Saltydog Portfolio: having a system and sticking to it

Momentum investing is definitely not an exact science, and being successful will involve rules that you establish yourself or crib from others. These must increase the return or security of your portfolio, or they are pointless.

Acquiring this knowledge may have involved expensive mistakes, so these rules should not be discarded lightly. The danger can come after a run of success when you start to feel omnipotent and able to buck the market – and it frequently leads to tears before bedtime!

You therefore need something in your memory to fall back upon that will act as a reminder to take a second look before you override your rules. It need not be a previous disaster, just unforgettable. I certainly have my own event.

It may not be a surprise to Saltydog followers that my own ‘think again’ occasion is a maritime one. I used to own a sedate, safe, 70-tonne trawler yacht, upon which I crossed the Channel many times. On this occasion, I was making an overnight journey from Le Havre to Southampton when a very heavy fog came down, shutting off all visibility. That is not dangerous in itself – it just requires more attention to the radar and your seamanship. But three hours out, and the radar suddenly started to look like Blackpool Illuminations, as ships totally invisible in the fog bore down on our port side on a collision course.

Now the rule that concerns power-driven vessels that are crossing states: ‘When two power-driven vessels are crossing in such a manner as to involve a risk of collision, then the vessel that has the other on its own starboard side shall give way. The other vessel should maintain its course and speed.’ This rule applies whatever the size of your boat, be it the Queen Mary or an 18-metre trawler yacht. At two o`clock in the morning however, in thick fog with what appears on the radar to be the Spanish Armada only three miles away on a collision course and closing fast, an element of panic can set in. Fortunately, I stuck to the rule and held my course and speed.

I had everybody up in the wheelhouse wearing their lifejackets when on the VHF radio listening channel 16 came an American voice: ‘Will the vessel at latitude and longitude such and such, please make yourself known to the American warship Charleston’. Well, of course, we were that vessel.

I identified who we were and where bound.
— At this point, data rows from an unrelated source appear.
(* Let $k$ be an odd positive integer. Then $$-\frac{3}{8k^3}\sum_{n=1}^{k-1}\cot\!\Big(\frac{2\pi n}{k}\Big)\cot\!\Big(\frac{\pi n}{k}\Big)\csc^2\!\Big(\frac{\pi n}{k}\Big)=-\frac{(k^2-1)(k^2-19)}{240k^3}.$$ *)

theory Defs
  imports "HOL-Analysis.Analysis"
begin

end

theory Submission
  imports Defs "HOL-Computational_Algebra.Polynomial"
begin

text \<open>
  Write \<open>k = 2m + 1\<close> and \<open>S\<^sub>j\<close> for the sum of \<open>cot\<^sup>j(\<pi>n/k)\<close> over \<open>n = 1..m\<close>.
  The summand at \<open>y = \<pi>n/k\<close> equals \<open>(cot\<^sup>4 y - 1)/2\<close> and is invariant under
  \<open>n \<mapsto> k - n\<close>, so the sum is \<open>S\<^sub>4 - m\<close>.
  Expanding \<open>sin (k y) = Im (cos y (1 + i tan y))\<^sup>k\<close> shows that the \<open>m\<close> distinct numbers
  \<open>tan\<^sup>2(\<pi>n/k)\<close> are roots of \<open>P(z) = \<Sum>\<^sub>l (-1)\<^sup>l C(k, 2l+1) z\<^sup>l\<close>, a polynomial of degree
  at most \<open>m\<close> with \<open>P(0) = k\<close>. Hence \<open>P(z) = k \<Prod>\<^sub>n (1 - cot\<^sup>2(\<pi>n/k) z)\<close>, and comparing
  the coefficients of \<open>z\<close> and \<open>z\<^sup>2\<close> gives \<open>S\<^sub>2 = C(k,3)/k\<close> and \<open>S\<^sub>2\<^sup>2 - S\<^sub>4 = 2 C(k,5)/k\<close>.
\<close>

lemma Im_one_plus_i_times_power:
  fixes t :: real
  shows "Im ((1 + \<i> * of_real t) ^ (2*m+1)) =
           (\<Sum>l\<le>m. (-1)^l * real ((2*m+1) choose (2*l+1)) * t ^ (2*l+1))"
proof -
  have "(1 + \<i> * of_real t) ^ n = (\<Sum>j\<le>n. (real (n choose j) * t ^ j) *\<^sub>R \<i> ^ j)" for n
    by (subst add.commute, subst binomial_ring) (simp add: power_mult_distrib scaleR_conv_of_real mult_ac)
  moreover have atMost_eq_lessThan: "{..2*m+1} = {..<2*(m+1)}" by auto
  ultimately have "Im ((1 + \<i> * of_real t) ^ (2*m+1)) =
          (\<Sum>j<2*(m+1). real ((2*m+1) choose j) * t ^ j * Im (\<i> ^ j))"
    by (simp only: Im_sum scaleR_complex.sel atMost_eq_lessThan)
  also have "\<dots> = (\<Sum>l<m+1. real ((2*m+1) choose (2*l+1)) * t ^ (2*l+1) * (-1)^l)"
  proof -
    define g where "g j = real ((2*m+1) choose j) * t ^ j * (-1) ^ (j div 2)" for j
    have "Im (\<i> ^ j) = (if even j then 0 else (-1) ^ (j div 2))" for j :: nat
      by (cases "even j") (auto elim!: evenE oddE simp: power_mult)
    then have "(\<Sum>j<2*(m+1). real ((2*m+1) choose j) * t ^ j * Im (\<i> ^ j))
             = (\<Sum>j<2*(m+1). if even j then 0 else g j)"
      by (intro sum.cong) (simp_all add: g_def)
    also have "\<dots> = (\<Sum>l<m+1. g (2*l+1))"
      by (simp only: sum_split_even_odd sum.neutral_const add_0)
    finally show ?thesis
      by (simp add: g_def)
  qed
  finally show ?thesis
    by (simp add: lessThan_Suc_atMost mult_ac)
qed

lemma sin_odd_multiple_tan_expansion:
  fixes x :: real
  assumes "cos x \<noteq> 0"
  shows "sin (real (2*m+1) * x) =
           cos x ^ (2*m+1) * (\<Sum>l\<le>m. (-1)^l * real ((2*m+1) choose (2*l+1)) * tan x ^ (2*l+1))"
proof -
  have "cis x = of_real (cos x) * (1 + \<i> * of_real (tan x))"
    using assms by (simp add: complex_eq_iff tan_def)
  then have "cis x ^ (2*m+1) = cos x ^ (2*m+1) *\<^sub>R (1 + \<i> * of_real (tan x)) ^ (2*m+1)"
    by (simp only: power_mult_distrib of_real_power scaleR_conv_of_real)
  then have "sin (real (2*m+1) * x) = cos x ^ (2*m+1) * Im ((1 + \<i> * of_real (tan x)) ^ (2*m+1))"
    by (simp only: sin_n_Im_cis_pow_n scaleR_complex.sel)
  then show ?thesis
    by (simp only: Im_one_plus_i_times_power)
qed

lemma coeff_prod_one_minus_linear:
  fixes r :: "'b \<Rightarrow> 'a::comm_ring_1"
  assumes "finite S"
  shows "coeff (\<Prod>i\<in>S. [:1, - r i:]) 0 = 1"
    and "coeff (\<Prod>i\<in>S. [:1, - r i:]) 1 = - (\<Sum>i\<in>S. r i)"
    and "2 * coeff (\<Prod>i\<in>S. [:1, - r i:]) 2 = (\<Sum>i\<in>S. r i)^2 - (\<Sum>i\<in>S. r i ^ 2)"
  using assms
proof (induction S rule: finite_induct)
  case empty
  case 1 show ?case by simp
  case 2 show ?case by simp
  case 3 show ?case by simp
next
  case (insert x F)
  case 1 show ?case using insert by (simp add: coeff_mult_0)
  case 2 show ?case using insert by (simp add: coeff_mult_0)
  case 3 show ?case using insert by (simp add: coeff_mult_0 numeral_2_eq_2 power2_eq_square algebra_simps)
qed

definition tan_sq_poly :: "nat \<Rightarrow> real poly" where
  "tan_sq_poly m = (\<Sum>l\<le>m. monom ((-1)^l * real ((2*m+1) choose (2*l+1))) l)"

lemma coeff_tan_sq_poly: "coeff (tan_sq_poly m) l = (-1)^l * real ((2*m+1) choose (2*l+1))"
  by (simp add: tan_sq_poly_def coeff_sum binomial_eq_0)

lemma degree_tan_sq_poly_le: "degree (tan_sq_poly m) \<le> m"
  by (rule degree_le) (simp add: coeff_tan_sq_poly binomial_eq_0)

lemma poly_tan_sq_poly:
  "poly (tan_sq_poly m) z = (\<Sum>l\<le>m. (-1)^l * real ((2*m+1) choose (2*l+1)) * z ^ l)"
  by (simp add: tan_sq_poly_def poly_sum poly_monom)

lemma sin_odd_multiple_eq_tan_sq_poly:
  fixes x :: real
  assumes "cos x \<noteq> 0"
  shows "sin (real (2*m+1) * x) = cos x ^ (2*m+1) * tan x * poly (tan_sq_poly m) (tan x ^ 2)"
proof -
  have "tan x * poly (tan_sq_poly m) (tan x ^ 2) =
          (\<Sum>l\<le>m. (-1)^l * real ((2*m+1) choose (2*l+1)) * tan x ^ (2*l+1))"
    unfolding poly_tan_sq_poly sum_distrib_left
    by (rule sum.cong) (simp_all add: power_mult)
  then show ?thesis
    by (simp only: sin_odd_multiple_tan_expansion[OF assms] mult.assoc)
qed

lemma odd_fraction_of_pi_bounds:
  assumes "n \<in> {1..m}"
  shows "0 < pi * real n / real (2*m+1)" and "pi * real n / real (2*m+1) < pi / 2"
proof -
  show "0 < pi * real n / real (2*m+1)"
    using assms by simp
  have "2 * real n < real (2*m+1)"
    using assms by simp
  from mult_strict_left_mono[OF this pi_gt_zero]
  show "pi * real n / real (2*m+1) < pi / 2"
    by (simp add: field_simps)
qed

lemma tan_sq_poly_factorization:
  "tan_sq_poly m = smult (real (2*m+1)) (\<Prod>n\<in>{1..m}. [:1, - (cot (pi * real n / real (2*m+1)) ^ 2):])"
    (is "_ = ?P")
proof -
  define \<theta> where "\<theta> n = pi * real n / real (2*m+1)" for n
  have \<theta>: "0 < \<theta> n" "\<theta> n < pi / 2" if "n \<in> {1..m}" for n
    using odd_fraction_of_pi_bounds[OF that] by (simp_all add: \<theta>_def)
  have tan_pos: "tan (\<theta> n) > 0" if "n \<in> {1..m}" for n
    using \<theta>[OF that] by (rule tan_gt_zero)
  have "strict_mono_on {1..m} (\<lambda>n. tan (\<theta> n) ^ 2)"
  proof (rule strict_mono_onI)
    fix a b assume ab: "a \<in> {1..m}" "b \<in> {1..m}" "a < b"
    then have "\<theta> a < \<theta> b"
      by (simp add: \<theta>_def divide_strict_right_mono)
    then have "tan (\<theta> a) < tan (\<theta> b)"
      using \<theta>[OF ab(1)] \<theta>[OF ab(2)] by (simp add: tan_mono_lt_eq)
    then show "tan (\<theta> a) ^ 2 < tan (\<theta> b) ^ 2"
      using tan_pos[OF ab(1)] by (simp add: power_strict_mono)
  qed
  then have "card ((\<lambda>n. tan (\<theta> n) ^ 2) ` {1..m}) = m"
    by (simp add: card_image strict_mono_on_imp_inj_on)
  moreover have "0 \<notin> (\<lambda>n. tan (\<theta> n) ^ 2) ` {1..m}"
    using tan_pos by fastforce
  ultimately have card_nodes: "card (insert 0 ((\<lambda>n. tan (\<theta> n) ^ 2) ` {1..m})) = m + 1"
    by simp
  text \<open>Both sides have degree at most \<open>m\<close> and agree at the \<open>m + 1\<close> points \<open>0\<close> and \<open>tan\<^sup>2(\<theta> n)\<close>.\<close>
  have "degree ?P \<le> (\<Sum>n\<in>{1..m}. degree [:1, - (cot (\<theta> n) ^ 2):])"
    using degree_prod_sum_le[of "{1..m}" "\<lambda>n. [:1, - (cot (\<theta> n) ^ 2):]"]
    by (simp add: \<theta>_def o_def)
  also have "\<dots> \<le> m"
    using sum_mono[of "{1..m}" "\<lambda>n. degree [:1, - (cot (\<theta> n) ^ 2):]" "\<lambda>_. 1"] by simp
  finally have "degree ?P \<le> m" .
  show ?thesis
  proof (rule poly_eqI_degree)
    fix y assume "y \<in> insert 0 ((\<lambda>n. tan (\<theta> n) ^ 2) ` {1..m})"
    then consider "y = 0" | n where "n \<in> {1..m}" "y = tan (\<theta> n) ^ 2"
      by blast
    then show "poly (tan_sq_poly m) y = poly ?P y"
    proof cases
      case 1
      have "poly (tan_sq_poly m) 0 = real (2*m+1)"
        by (simp add: poly_0_coeff_0 coeff_tan_sq_poly)
      moreover have "poly ?P 0 = real (2*m+1)"
        by (simp add: poly_prod)
      ultimately show ?thesis
        using 1 by simp
    next
      case 2
      have cos: "cos (\<theta> n) > 0"
        using \<theta>[OF 2(1)] by (intro cos_gt_zero_pi) auto
      have "sin (real (2*m+1) * \<theta> n) = 0"
        by (simp add: \<theta>_def sin_zero_iff_int2)
      then have "poly (tan_sq_poly m) y = 0"
        using sin_odd_multiple_eq_tan_sq_poly[of "\<theta> n" m] cos tan_pos[OF 2(1)] 2(2) by simp
      moreover have "poly [:1, - (cot (\<theta> n) ^ 2):] y = 0"
        using tan_pos[OF 2(1)] 2(2) by (simp add: cot_altdef field_simps)
      then have "poly ?P y = 0"
        using 2(1) by (force simp: poly_prod \<theta>_def)
      ultimately show ?thesis
        by simp
    qed
  qed (use card_nodes degree_tan_sq_poly_le[of m] \<open>degree ?P \<le> m\<close> in auto)
qed

lemma real_choose_three: "real (n choose 3) = real n * (real n - 1) * (real n - 2) / 6"
  by (simp add: binomial_gbinomial gbinomial_prod_rev numeral_eq_Suc prod.atLeast0_lessThan_Suc)

lemma real_choose_five:
  "real (n choose 5) = real n * (real n - 1) * (real n - 2) * (real n - 3) * (real n - 4) / 120"
  by (simp add: binomial_gbinomial gbinomial_prod_rev numeral_eq_Suc prod.atLeast0_lessThan_Suc)

lemma sum_cot_sq_odd_fraction_of_pi:
  "(\<Sum>n=1..m. cot (pi * real n / real (2*m+1)) ^ 2) = real m * (2 * real m - 1) / 3"
proof -
  have "coeff (tan_sq_poly m) 1 = - (real (2*m+1) * (\<Sum>n=1..m. cot (pi * real n / real (2*m+1)) ^ 2))"
    by (simp only: tan_sq_poly_factorization coeff_smult mult_minus_right finite_atLeastAtMost
          coeff_prod_one_minus_linear(2)[of "{1..m}" "\<lambda>n. cot (pi * real n / real (2*m+1)) ^ 2"])
  moreover have "coeff (tan_sq_poly m) 1 = - real ((2*m+1) choose 3)"
    using coeff_tan_sq_poly[of m 1] by simp
  ultimately have "real (2*m+1) * (\<Sum>n=1..m. cot (pi * real n / real (2*m+1)) ^ 2) = real ((2*m+1) choose 3)"
    by linarith
  also have "real ((2*m+1) choose 3) = real (2*m+1) * (real m * (2 * real m - 1) / 3)"
    by (simp add: real_choose_three field_simps)
  finally show ?thesis
    by (rule mult_left_cancel[THEN iffD1, rotated]) simp
qed

lemma sum_cot_pow4_odd_fraction_of_pi:
  "(\<Sum>n=1..m. cot (pi * real n / real (2*m+1)) ^ 4) =
     real m * (2 * real m - 1) * (4 * real m ^ 2 + 10 * real m - 9) / 45"
proof -
  define r where "r n = cot (pi * real n / real (2*m+1)) ^ 2" for n
  have "2 * coeff (tan_sq_poly m) 2 = real (2*m+1) * ((\<Sum>n=1..m. r n)^2 - (\<Sum>n=1..m. r n ^ 2))"
    unfolding tan_sq_poly_factorization coeff_smult r_def
    by (simp only: mult.left_commute[of 2] coeff_prod_one_minus_linear(3) finite_atLeastAtMost)
  then have "(\<Sum>n=1..m. r n ^ 2) = (\<Sum>n=1..m. r n)^2 - 2 * real ((2*m+1) choose 5) / real (2*m+1)"
    by (simp add: coeff_tan_sq_poly field_simps)
  also have "(\<Sum>n=1..m. r n) = real m * (2 * real m - 1) / 3"
    unfolding r_def by (rule sum_cot_sq_odd_fraction_of_pi)
  also have "(real m * (2 * real m - 1) / 3)^2 - 2 * real ((2*m+1) choose 5) / real (2*m+1) =
               real m * (2 * real m - 1) * (4 * real m ^ 2 + 10 * real m - 9) / 45"
    by (simp add: real_choose_five field_simps power2_eq_square)
  finally show ?thesis
    by (simp add: r_def flip: power_mult)
qed

lemma cot_double_mult_cot_csc_sq:
  fixes y :: real
  assumes "sin y \<noteq> 0" and "cos y \<noteq> 0"
  shows "cot (2 * y) * cot y * (1 / sin y) ^ 2 = (cot y ^ 4 - 1) / 2"
proof -
  have "cot (2 * y) * cot y = (cot y ^ 2 - 1) / 2"
    unfolding cot_def sin_double cos_double using assms by (simp add: field_simps power2_eq_square)
  moreover have "(1 / sin y) ^ 2 = 1 + cot y ^ 2"
    using assms sin_cos_squared_add[of y] by (simp add: cot_def field_simps)
  ultimately have "cot (2 * y) * cot y * (1 / sin y) ^ 2 = (cot y ^ 2 - 1) / 2 * (1 + cot y ^ 2)"
    by simp
  also have "\<dots> = (cot y ^ 4 - 1) / 2"
    by (simp add: field_simps power2_eq_square power4_eq_xxxx)
  finally show ?thesis .
qed

lemma cot_double_mult_cot_csc_sq_reflect:
  fixes y :: real
  shows "cot (2 * (pi - y)) * cot (pi - y) * (1 / sin (pi - y)) ^ 2 = cot (2 * y) * cot y * (1 / sin y) ^ 2"
  by (simp add: cot_def right_diff_distrib sin_diff cos_diff)

lemma sum_atLeastAtMost_reflect:
  fixes f :: "nat \<Rightarrow> 'a::comm_semiring_1"
  assumes "\<And>n. n \<in> {1..m} \<Longrightarrow> f (2*m+1-n) = f n"
  shows "(\<Sum>n=1..2*m. f n) = 2 * (\<Sum>n=1..m. f n)"
proof -
  have "{1..2*m} = {1..m} \<union> {m+1..2*m}"
    by auto
  then have "(\<Sum>n=1..2*m. f n) = (\<Sum>n=1..m. f n) + (\<Sum>n=m+1..2*m. f n)"
    by (simp add: sum.union_disjoint)
  also have "(\<Sum>n=m+1..2*m. f n) = (\<Sum>n=1..m. f (2*m+1-n))"
    by (rule sum.reindex_bij_witness[of _ "\<lambda>n. 2*m+1-n" "\<lambda>n. 2*m+1-n"]) auto
  also have "\<dots> = (\<Sum>n=1..m. f n)"
    using assms by (rule sum.cong[OF refl])
  finally show ?thesis
    by (simp add: mult_2)
qed

lemma sum_cot_double_mult_cot_csc_sq_odd_fraction_of_pi:
  "(\<Sum>n=1..2*m. cot (2 * (pi * real n / real (2*m+1))) * cot (pi * real n / real (2*m+1))
       * (1 / sin (pi * real n / real (2*m+1))) ^ 2) =
     (real (2*m+1) ^ 2 - 1) * (real (2*m+1) ^ 2 - 19) / 90"
proof -
  define F where "F y = cot (2 * y) * cot y * (1 / sin y) ^ 2" for y :: real
  define \<theta> where "\<theta> n = pi * real n / real (2*m+1)" for n
  have "(\<Sum>n=1..2*m. F (\<theta> n)) = 2 * (\<Sum>n=1..m. F (\<theta> n))"
  proof (rule sum_atLeastAtMost_reflect)
    fix n assume "n \<in> {1..m}"
    then have "\<theta> (2*m+1-n) = pi - \<theta> n"
      by (simp add: \<theta>_def field_simps)
    then show "F (\<theta> (2*m+1-n)) = F (\<theta> n)"
      unfolding F_def by (simp only: cot_double_mult_cot_csc_sq_reflect)
  qed
  also have "(\<Sum>n=1..m. F (\<theta> n)) = (\<Sum>n=1..m. (cot (\<theta> n) ^ 4 - 1) / 2)"
  proof (rule sum.cong[OF refl])
    fix n assume "n \<in> {1..m}"
    then have "0 < \<theta> n" "\<theta> n < pi / 2"
      unfolding \<theta>_def by (rule odd_fraction_of_pi_bounds)+
    then have "sin (\<theta> n) > 0" "cos (\<theta> n) > 0"
      by (simp_all add: sin_gt_zero cos_gt_zero)
    then show "F (\<theta> n) = (cot (\<theta> n) ^ 4 - 1) / 2"
      unfolding F_def by (intro cot_double_mult_cot_csc_sq) simp_all
  qed
  also have "2 * \<dots> = (\<Sum>n=1..m. cot (\<theta> n) ^ 4) - real m"
    by (simp add: sum_divide_distrib[symmetric] sum_subtractf)
  also have "\<dots> = real m * (2 * real m - 1) * (4 * real m ^ 2 + 10 * real m - 9) / 45 - real m"
    unfolding \<theta>_def by (simp only: sum_cot_pow4_odd_fraction_of_pi)
  also have "\<dots> = (real (2*m+1) ^ 2 - 1) * (real (2*m+1) ^ 2 - 19) / 90"
    by (simp add: field_simps power2_eq_square)
  finally show ?thesis
    by (simp only: F_def \<theta>_def)
qed

theorem mainTheorem7:
  fixes k :: nat
  assumes "odd k" and "k > 0"
  shows "- 3 / (8 * real k ^ 3) *
           (\<Sum>n = 1..k - 1. cot (2 * pi * real n / real k) * cot (pi * real n / real k)
              * (1 / sin (pi * real n / real k)) ^ 2)
         = - ((real k ^ 2 - 1) * (real k ^ 2 - 19)) / (240 * real k ^ 3)"
proof -
  obtain m where k: "k = 2*m+1"
    using assms(1) by (auto elim: oddE)
  have "(\<Sum>n = 1..k - 1. cot (2 * pi * real n / real k) * cot (pi * real n / real k)
           * (1 / sin (pi * real n / real k)) ^ 2) = (real k ^ 2 - 1) * (real k ^ 2 - 19) / 90"
    using sum_cot_double_mult_cot_csc_sq_odd_fraction_of_pi[of m]
    by (simp only: k add_diff_cancel_right' times_divide_eq_right mult.assoc)
  then show ?thesis
    using assms(2) by (simp add: field_simps)
qed

end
They acknowledged receipt and then instructed us to continue to hold course and speed. It turned out that was the American Fleet on its way to attend the 2005 Spithead International Review to commemorate the bi-centenary of the Battle of Trafalgar. One of the seven ships was the massive aircraft carrier the George Washington, but they all manoeuvred around us, without us catching a single glimpse in the fog – although we could hear them!

Imagine what would have happened if the rule had not been followed. It would have been chaos with almost certainly a bad result for me and my guests. I believe that following the rules applies to momentum investing as much as to seamanship, if you want to enjoy long-term success.

At Saltydog our primary rule for entering a sector comes from our four-week numbers. We look for the sector with an upward trend and the highest return, which is ideally backed up by the 12-week table. We are looking to identify the best fund, in the best sector, in the best Saltydog group. The primary rule is sector choice first and fund choice second.

When we come to sell, the decision is made by looking at the decile performance of the fund and the performance of the sector.  We will keep hold of a fund even if its decile rank is dropping for a few weeks. But if we see that it has dropped out of the top half of the decile ranking for three weeks in a row – i.e. its decile ranking is 6 or worse – then we sell it. This can be a hard decision to make, especially if the fund has done well over a long period of time.

This was recently demonstrated by the performance of the UK Small Companies sector, which had run well for nearly 26 weeks until the recent election, when it fell off its perch. Here’s a graph showing how the leading funds over 26 weeks looked a couple of weeks after the election.

We had made 23 per cent by holding the Invesco Perpetual UK Small Companies Fund for most of this period and it had become a favourite. Nevertheless, the decile rating had fallen off a cliff so it had to be sold. At the time, the temptation was to assume it would recover when the election memories had faded: ‘since nothing has changed with the economy, let`s keep it’.

But you just do not know what is going to happen. As it happens the sector has stopped falling and levelled off, but where to next? Perhaps it will turn down yet again and we will be pleased we sold, but if it goes back up then we have the choice to buy back in. We feel it is better to have avoided a loss than gambled on a continuing gain.

It is useful at times like this, when you are tempted to break your investment rules, to have that memorable event to fall back on – something that will act as a reminder to take a second look before you step out of line. If nothing else it will make you re-examine your situation before making a debateable decision that you might later come to regret.

Our Tugboat portfolio has been making relatively steady progress since last September, but did suffer for a couple of weeks after the UK election.

Performance of the Tugboat Portfolio since November 2010

In line with our momentum trading philosophy, we sold funds that weren’t performing and allowed the cash levels in the portfolio to increase as we waited for new trends to appear. Global equity markets dropped at the end of June, but have started to pick up again. If this trend continues we will be busy investing over the next few weeks.